(Collected data entries)

(* Let $\Gamma$ be a Coxeter graph of spherical type or of affine type, and let $\mathcal X\subset\Phi[\Gamma]$ be free of infinity with respect to $\hat M$, i.e. $\hat m_{\beta,\gamma}\neq\infty$ for all $\beta,\gamma\in\mathcal X$. Then $\mathcal X$ is finite, the full subgraph $\hat\Gamma_{\mathcal X}$ of $\hat\Gamma$ spanned by $\mathcal X$ is of spherical type or of affine type, and $n_{\mathrm{sph}}(A[\hat\Gamma_{\mathcal X}])\le n_{\mathrm{sph}}(A[\Gamma])$.
   Context: A Coxeter matrix on a countable set $S$ is a symmetric matrix $M=(m_{s,t})_{s,t\in S}$ with entries in $\mathbb{N}\cup\{\infty\}$ with $m_{s,s}=1$ and $m_{s,t}=m_{t,s}\ge2$ for $s\ne t$; it is encoded by a Coxeter graph $\Gamma$ with vertex set $S$. $W[\Gamma]=\langle S\mid s^2=1,\ (st)^{m_{s,t}}=1 \text{ for } m_{s,t}\ne\infty\rangle$ is the Coxeter group and $A[\Gamma]$ the Artin group. Let $V$ be the real vector space with basis $\{\alpha_s\mid s\in S\}$ and canonical symmetric bilinear form $\langle\alpha_s,\alpha_t\rangle=-2\cos(\pi/m_{s,t})$ if $m_{s,t}\neq\infty$ and $-2$ otherwise; $W[\Gamma]$ acts on $V$ by $s(v)=v-\langle v,\alpha_s\rangle\alpha_s$, and $\Phi[\Gamma]=\{w(\alpha_s)\mid w\in W[\Gamma],s\in S\}$ is the root system. Define the Coxeter matrix $\hat M=(\hat m_{\beta,\gamma})_{\beta,\gamma\in\Phi[\Gamma]}$ by $\hat m_{\beta,\beta}=1$, and for $\beta\neq\gamma$: $\hat m_{\beta,\gamma}=m_{s,t}$ if there exist $w\in W[\Gamma]$, $s,t\in S$ with $\beta=w(\alpha_s)$, $\gamma=w(\alpha_t)$, $m_{s,t}\neq\infty$ (independent of choices), and $\hat m_{\beta,\gamma}=\infty$ otherwise; $\hat\Gamma$ is its Coxeter graph. A finite Coxeter graph is of spherical type if its Coxeter group is finite (equivalently its canonical bilinear form is positive definite), and of affine type if its canonical bilinear form is positive semi-definite but not positive definite. For a Coxeter graph $\Gamma$ with vertex set $S$ and $X\subset S$, $\Gamma_X$ is the full subgraph spanned by $X$; the spherical dimension $n_{\mathrm{sph}}(A[\Gamma])$ is the maximum of $|X|$ over all finite $X\subset S$ with $\Gamma_X$ of spherical type. *)

theory Defs
  imports Complex_Main "HOL-Library.Extended_Nat" "HOL-Library.Countable_Set"
begin

text \<open>A Coxeter graph is given by a vertex set S and a matrix M on S with entries in
  nat extended by infinity.  Only the values of M on S x S matter.\<close>

definition coxeter_matrix :: "'v set \<Rightarrow> ('v \<Rightarrow> 'v \<Rightarrow> enat) \<Rightarrow> bool" where
  "coxeter_matrix S M \<longleftrightarrow>
     (\<forall>s\<in>S. M s s = 1) \<and>
     (\<forall>s\<in>S. \<forall>t\<in>S. s \<noteq> t \<longrightarrow> M s t = M t s \<and> M s t \<ge> 2)"

definition bf_coeff :: "('v \<Rightarrow> 'v \<Rightarrow> enat) \<Rightarrow> 'v \<Rightarrow> 'v \<Rightarrow> real" where
  "bf_coeff M s t = (case M s t of enat n \<Rightarrow> - 2 * cos (pi / real n) | \<infinity> \<Rightarrow> - 2)"

text \<open>Vectors of V (real vector space with basis alpha_s, s in S) are represented as
  functions 'v => real (coordinates), vanishing outside S; the form only reads S.\<close>
definition bform :: "'v set \<Rightarrow> ('v \<Rightarrow> 'v \<Rightarrow> enat) \<Rightarrow> ('v \<Rightarrow> real) \<Rightarrow> ('v \<Rightarrow> real) \<Rightarrow> real" where
  "bform S M u v = (\<Sum>s\<in>S. \<Sum>t\<in>S. u s * v t * bf_coeff M s t)"

definition simple_root :: "'v \<Rightarrow> ('v \<Rightarrow> real)" where
  "simple_root s = (\<lambda>x. if x = s then 1 else 0)"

> Activity
Copy the data above in full, exactly as it reads.

> Reply to the task
(* Let $\Gamma$ be a Coxeter graph of spherical type or of affine type, and let $\mathcal X\subset\Phi[\Gamma]$ be free of infinity with respect to $\hat M$, i.e. $\hat m_{\beta,\gamma}\neq\infty$ for all $\beta,\gamma\in\mathcal X$. Then $\mathcal X$ is finite, the full subgraph $\hat\Gamma_{\mathcal X}$ of $\hat\Gamma$ spanned by $\mathcal X$ is of spherical type or of affine type, and $n_{\mathrm{sph}}(A[\hat\Gamma_{\mathcal X}])\le n_{\mathrm{sph}}(A[\Gamma])$.
   Context: A Coxeter matrix on a countable set $S$ is a symmetric matrix $M=(m_{s,t})_{s,t\in S}$ with entries in $\mathbb{N}\cup\{\infty\}$ with $m_{s,s}=1$ and $m_{s,t}=m_{t,s}\ge2$ for $s\ne t$; it is encoded by a Coxeter graph $\Gamma$ with vertex set $S$. $W[\Gamma]=\langle S\mid s^2=1,\ (st)^{m_{s,t}}=1 \text{ for } m_{s,t}\ne\infty\rangle$ is the Coxeter group and $A[\Gamma]$ the Artin group. Let $V$ be the real vector space with basis $\{\alpha_s\mid s\in S\}$ and canonical symmetric bilinear form $\langle\alpha_s,\alpha_t\rangle=-2\cos(\pi/m_{s,t})$ if $m_{s,t}\neq\infty$ and $-2$ otherwise; $W[\Gamma]$ acts on $V$ by $s(v)=v-\langle v,\alpha_s\rangle\alpha_s$, and $\Phi[\Gamma]=\{w(\alpha_s)\mid w\in W[\Gamma],s\in S\}$ is the root system. Define the Coxeter matrix $\hat M=(\hat m_{\beta,\gamma})_{\beta,\gamma\in\Phi[\Gamma]}$ by $\hat m_{\beta,\beta}=1$, and for $\beta\neq\gamma$: $\hat m_{\beta,\gamma}=m_{s,t}$ if there exist $w\in W[\Gamma]$, $s,t\in S$ with $\beta=w(\alpha_s)$, $\gamma=w(\alpha_t)$, $m_{s,t}\neq\infty$ (independent of choices), and $\hat m_{\beta,\gamma}=\infty$ otherwise; $\hat\Gamma$ is its Coxeter graph. A finite Coxeter graph is of spherical type if its Coxeter group is finite (equivalently its canonical bilinear form is positive definite), and of affine type if its canonical bilinear form is positive semi-definite but not positive definite. For a Coxeter graph $\Gamma$ with vertex set $S$ and $X\subset S$, $\Gamma_X$ is the full subgraph spanned by $X$; the spherical dimension $n_{\mathrm{sph}}(A[\Gamma])$ is the maximum of $|X|$ over all finite $X\subset S$ with $\Gamma_X$ of spherical type. *)

theory Defs
  imports Complex_Main "HOL-Library.Extended_Nat" "HOL-Library.Countable_Set"
begin

text \<open>A Coxeter graph is given by a vertex set S and a matrix M on S with entries in
  nat extended by infinity.  Only the values of M on S x S matter.\<close>

definition coxeter_matrix :: "'v set \<Rightarrow> ('v \<Rightarrow> 'v \<Rightarrow> enat) \<Rightarrow> bool" where
  "coxeter_matrix S M \<longleftrightarrow>
     (\<forall>s\<in>S. M s s = 1) \<and>
     (\<forall>s\<in>S. \<forall>t\<in>S. s \<noteq> t \<longrightarrow> M s t = M t s \<and> M s t \<ge> 2)"

definition bf_coeff :: "('v \<Rightarrow> 'v \<Rightarrow> enat) \<Rightarrow> 'v \<Rightarrow> 'v \<Rightarrow> real" where
  "bf_coeff M s t = (case M s t of enat n \<Rightarrow> - 2 * cos (pi / real n) | \<infinity> \<Rightarrow> - 2)"

text \<open>Vectors of V (real vector space with basis alpha_s, s in S) are represented as
  functions 'v => real (coordinates), vanishing outside S; the form only reads S.\<close>
definition bform :: "'v set \<Rightarrow> ('v \<Rightarrow> 'v \<Rightarrow> enat) \<Rightarrow> ('v \<Rightarrow> real) \<Rightarrow> ('v \<Rightarrow> real) \<Rightarrow> real" where
  "bform S M u v = (\<Sum>s\<in>S. \<Sum>t\<in>S. u s * v t * bf_coeff M s t)"

definition simple_root :: "'v \<Rightarrow> ('v \<Rightarrow> real)" where
  "simple_root s = (\<lambda>x. if x = s then 1 else 0)"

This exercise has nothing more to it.